BACKGROUND OF THE INVENTION
Miniaturized motors with dielectric rotors in an enveloping medium that can be set into rotation via several electrodes/GEO 10 (1988) 188, U.S. Pat. No. 4,740,410, are known as dieletric motors. Continuously or discontinuously rotating electric fields are employed for this purpose. Linear motions by dielectrics in electrical fields are described in textbooks under the heading electrophoresis, dielectrophoresis, respectively general ponderomotoric effects Greiner, Theor. Physik Bd. 3, Vlg. H. Deutsch, Thun & Frankfurt a.M., (1982), Pohl, Dielectrophoresis, Cambridge University Press, Cambridge-London-New York-Melbourne, (1978). Landau & Lifschitz, Bd. 1, Akademie-Vlg. Berlin, (1973). The pondermotoric effect is utilized to collect floating particles in air filter devices or to collect cells in biology. Devices of this type work with or more electrodes and a direct current and alternating current electric field. Use of linearly progressing field vectors is not known in this connection. Use of dielectric miniature elements, apart from dielectric motors, has not been described. Linearly progressing magnetic field vectors, on the other hand, are known in connection with electric induction effects and induction field motors Guldner, Electronica Bd. 238, Militarverlag der DDR, (1987). The disadvantage of dielectric micromechanic elements is the small force while, however, also having minimal currents. Their extreme possible miniaturization has not been recognized as an advantage (GEO 10 (1988), 188) until recent years.
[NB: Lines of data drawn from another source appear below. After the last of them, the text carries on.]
theorem proposition4p1:
  fixes f :: "(real, 'n::{finite,linorder}) vec \<Rightarrow> (real, 'n) vec \<Rightarrow> 'n cl" and k :: nat
  assumes "CARD('n) \<ge> 3" and "k \<ge> 1"
    and "real CARD('n) + 2 * real k - 4 \<noteq> 0"
    and "smooth (\<lambda>p. f (fst p) (snd p))"
    and "\<forall>x. in_H k (f x)"
  shows "D2 k f = (\<lambda>x u.
            - R k (R k (Pp k f)) x u
            + (2 / (real CARD('n) + 2 * real k - 4)) *\<^sub>R Tstar k (R k (Pp k f)) x u
            - (2 / (real CARD('n) + 2 * real k - 4)) *\<^sub>R T k (Q k (Pm k f)) x u
            - ((real CARD('n) + 2 * real k) / (real CARD('n) + 2 * real k - 4)) *\<^sub>R Q k (Q k (Pm k f)) x u)
       \<and> D2 k f = (\<lambda>x u.
            - R k (R k (Pp k f)) x u
            + (2 / (real CARD('n) + 2 * real k - 4)) *\<^sub>R R k (T k (Pm k f)) x u
            - (2 / (real CARD('n) + 2 * real k - 4)) *\<^sub>R Q k (Tstar k (Pp k f)) x u
            - ((real CARD('n) + 2 * real k) / (real CARD('n) + 2 * real k - 4)) *\<^sub>R Q k (Q k (Pm k f)) x u)"
proof -
  have f: "smooth2 f" using assms(4) unfolding smooth2_def .
  have E: "Eu f = (\<lambda>x u. real k *\<^sub>R f x u)" and L: "Lapu f = (\<lambda>x u. 0)"
    using Eu_hom_poly[OF f] Lapu_harmonic assms(5) unfolding in_H_def by blast+
  have n: "real CARD('n) + 2 * real k - 2 \<noteq> 0" using assms(1) by simp
  note first = D2_decomposition[OF f E L n assms(3)]
  have "Tstar k (R k (Pp k f)) = (\<lambda>x u. - Q k (Tstar k (Pp k f)) x u)"
    using Tstar_R_Pp_harmonic[OF f E L n] by (simp only: Q_eq_Tstar)
  moreover have "T k (Q k (Pm k f)) = (\<lambda>x u. - R k (T k (Pm k f)) x u)"
    using R_Tstar_Pm_harmonic[OF f E L n] by (simp only: T_eq_R Q_eq_Tstar)
  ultimately show ?thesis
    unfolding first by (simp add: algebra_simps)
qed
An object of the present invention is to provide a cost-effective dielectric micromechanical element possessing universal possible application in microelectronics.
SUMMARY OF THE INVENTION
Another object of the present invention is the development of a dielectric micromechanical element with linear motion having constant and variable states of motion and being able to be universally utilized in microelectronics. The response time is intended to lie in the milli-second range and below.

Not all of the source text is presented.